* **WHAT TO WORK ON**
Your reply should consist solely of the number of lines in the data that contain "close".
========================================
lemma card_glue_tails_X:
  assumes "x \<in> X"
  shows "card {e \<in> L. glue_tails X R tX tR F e = x} = card {e \<in> L. e \<subseteq> X \<and> tX e = x} + card (F x)"
proof -
  have "{e \<in> L. glue_tails X R tX tR F e = x} = {e \<in> L. e \<subseteq> X \<and> tX e = x} \<union> (\<lambda>w. {x, w}) ` F x"
  proof (intro equalityI subsetI)
    fix e assume e: "e \<in> {e \<in> L. glue_tails X R tX tR F e = x}"
    show "e \<in> {e \<in> L. e \<subseteq> X \<and> tX e = x} \<union> (\<lambda>w. {x, w}) ` F x"
    proof (cases "e \<subseteq> X \<or> e \<subseteq> R")
      case True
      then show ?thesis
        using e glue_tails_mem assms disjoint unfolding glue_tails_def by auto
    next
      case False
      then obtain x' w where "x' \<in> X" "w \<in> R" "e = {x', w}"
        using cross_edge e by blast
      then show ?thesis
        using e glue_tails_cross assms disjoint by (auto split: if_splits)
    qed
  next
    fix e assume "e \<in> {e \<in> L. e \<subseteq> X \<and> tX e = x} \<union> (\<lambda>w. {x, w}) ` F x"
    then consider "e \<in> L" "e \<subseteq> X" "tX e = x" | w where "w \<in> F x" "e = {x, w}"
      by blast
    then show "e \<in> {e \<in> L. glue_tails X R tX tR F e = x}"
    proof cases
      case 1
      then show ?thesis
        unfolding glue_tails_def by simp
    next
      case 2
      then have "w \<in> R" "{x, w} \<in> L"
        using F assms by auto
      then show ?thesis
        using glue_tails_cross[OF assms \<open>w \<in> R\<close>] 2 by simp
    qed
  qed
  moreover have "F x \<subseteq> R"
    using F assms by auto
  then have "{e \<in> L. e \<subseteq> X \<and> tX e = x} \<inter> (\<lambda>w. {x, w}) ` F x = {}"
    using disjoint by auto
  moreover have "finite (F x)"
    using \<open>F x \<subseteq> R\<close> finite by (meson finite_Un finite_subset)
  moreover have "card ((\<lambda>w. {x, w}) ` F x) = card (F x)"
    by (rule card_image) (auto simp: inj_on_def doubleton_eq_iff)
  ultimately show ?thesis
    using finite_L by (simp add: card_Un_disjoint)
qed
lemma triple_relations_tau: "triple_relations tscale (gen_tau m ` gen_index m \<union> RelF_bideg 3 m) m tau"
proof (intro triple_relations.intro VT.vector_space_axioms triple_relations_axioms.intro)
  let ?G = "gen_tau m ` gen_index m \<union> RelF_bideg 3 m"
  have rel: "x \<in> VT.span ?G" if "x \<in> RelF_bideg 3 m" for x
    using that by (blast intro: VT.span_base)
  fix i j k
  have "tau i j k + tau i k j = 0"
    using lbr_antisym[of "ad_y_x k" "ad_y_x j"] by (simp add: tau_def tens_def fun_eq_iff)
  then show "tau i j k + tau i k j \<in> VT.span ?G"
    by (simp add: VT.span_zero)
  assume "i + j + k = m"
  then have "(tens (ad_y_x i) (lbr (ad_y_x j) (ad_y_x k)) - tens (lbr (ad_y_x i) (ad_y_x j)) (ad_y_x k))
      + (tens (lbr (ad_y_x i) (ad_y_x j)) (ad_y_x k) - tens (ad_y_x k) (lbr (ad_y_x i) (ad_y_x j)))
      \<in> VT.span ?G"
    by (intro VT.span_add rel
        invariance_in_RelF_bideg[OF ad_y_x_freeLie ad_y_x_freeLie ad_y_x_freeLie
          bihom_ad_y_x bihom_ad_y_x bihom_ad_y_x]
        symmetry_in_RelF_bideg[OF lbr_ad_y_x_freeLie ad_y_x_freeLie bihom_lbr_ad_y_x bihom_ad_y_x])
       simp_all
  then show "tau i j k - tau k i j \<in> VT.span ?G"
    by (simp add: tau_def)
next
  let ?G = "gen_tau m ` gen_index m \<union> RelF_bideg 3 m"
  fix i j k assume "Suc (i + j + k) = m"
  then have "tens (ad_y_x i) (lbr letY (lbr (ad_y_x j) (ad_y_x k)))
      - tens (lbr (ad_y_x i) letY) (lbr (ad_y_x j) (ad_y_x k)) \<in> RelF_bideg 3 m"
    by (intro invariance_in_RelF_bideg[OF ad_y_x_freeLie freeLie.gen_y lbr_ad_y_x_freeLie
          bihom_ad_y_x bihom_letY bihom_lbr_ad_y_x]) simp_all
  moreover have "tens (ad_y_x i) (lbr letY (lbr (ad_y_x j) (ad_y_x k)))
      - tens (lbr (ad_y_x i) letY) (lbr (ad_y_x j) (ad_y_x k))
      = tau (Suc i) j k + tau i (Suc j) k + tau i j (Suc k)"
    using lbr_jacobi[of letY "ad_y_x j" "ad_y_x k"] lbr_antisym[of "ad_y_x i" letY]
    by (simp add: tau_def tens_add_right tens_minus_left)
  ultimately show "tau (Suc i) j k + tau i (Suc j) k + tau i j (Suc k) \<in> VT.span ?G"
    by (metis UnI2 VT.span_base)
next
  fix i assume "3 * i + 3 \<le> m" "odd (m - i)"
  then have "gen_tau m i \<in> gen_tau m ` gen_index m" by (simp add: gen_index_def)
  then show "tau i (Suc i) (m - 2 * i - 1) \<in> VT.span (gen_tau m ` gen_index m \<union> RelF_bideg 3 m)"
    unfolding gen_tau_def by (blast intro: VT.span_base)
qed

lemma LtensL_bideg_3_in_span_gen_tau:
  "LtensL_bideg 3 m \<subseteq> VT.span (gen_tau m ` gen_index m \<union> RelF_bideg 3 m)"
proof -
  let ?T = "{tau i j k | i j k. i + j + k = m} \<union> RelF_bideg 3 m"
  have "VT.span (tens_gens 3 m) \<subseteq> VT.span ?T"
    using tens_gens_3_in_span_tau by (rule VT.span_minimal[OF _ VT.subspace_span])
  also have "VT.span ?T \<subseteq> VT.span (gen_tau m ` gen_index m \<union> RelF_bideg 3 m)"
    using triple_relations_in_span[OF triple_relations_tau]
    by (intro VT.span_minimal[OF _ VT.subspace_span]) (auto intro: VT.span_base)
  finally show ?thesis using LtensL_bideg_in_span_tens_gens by blast
qed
========================================
* **PROBLEM SOLUTION**
2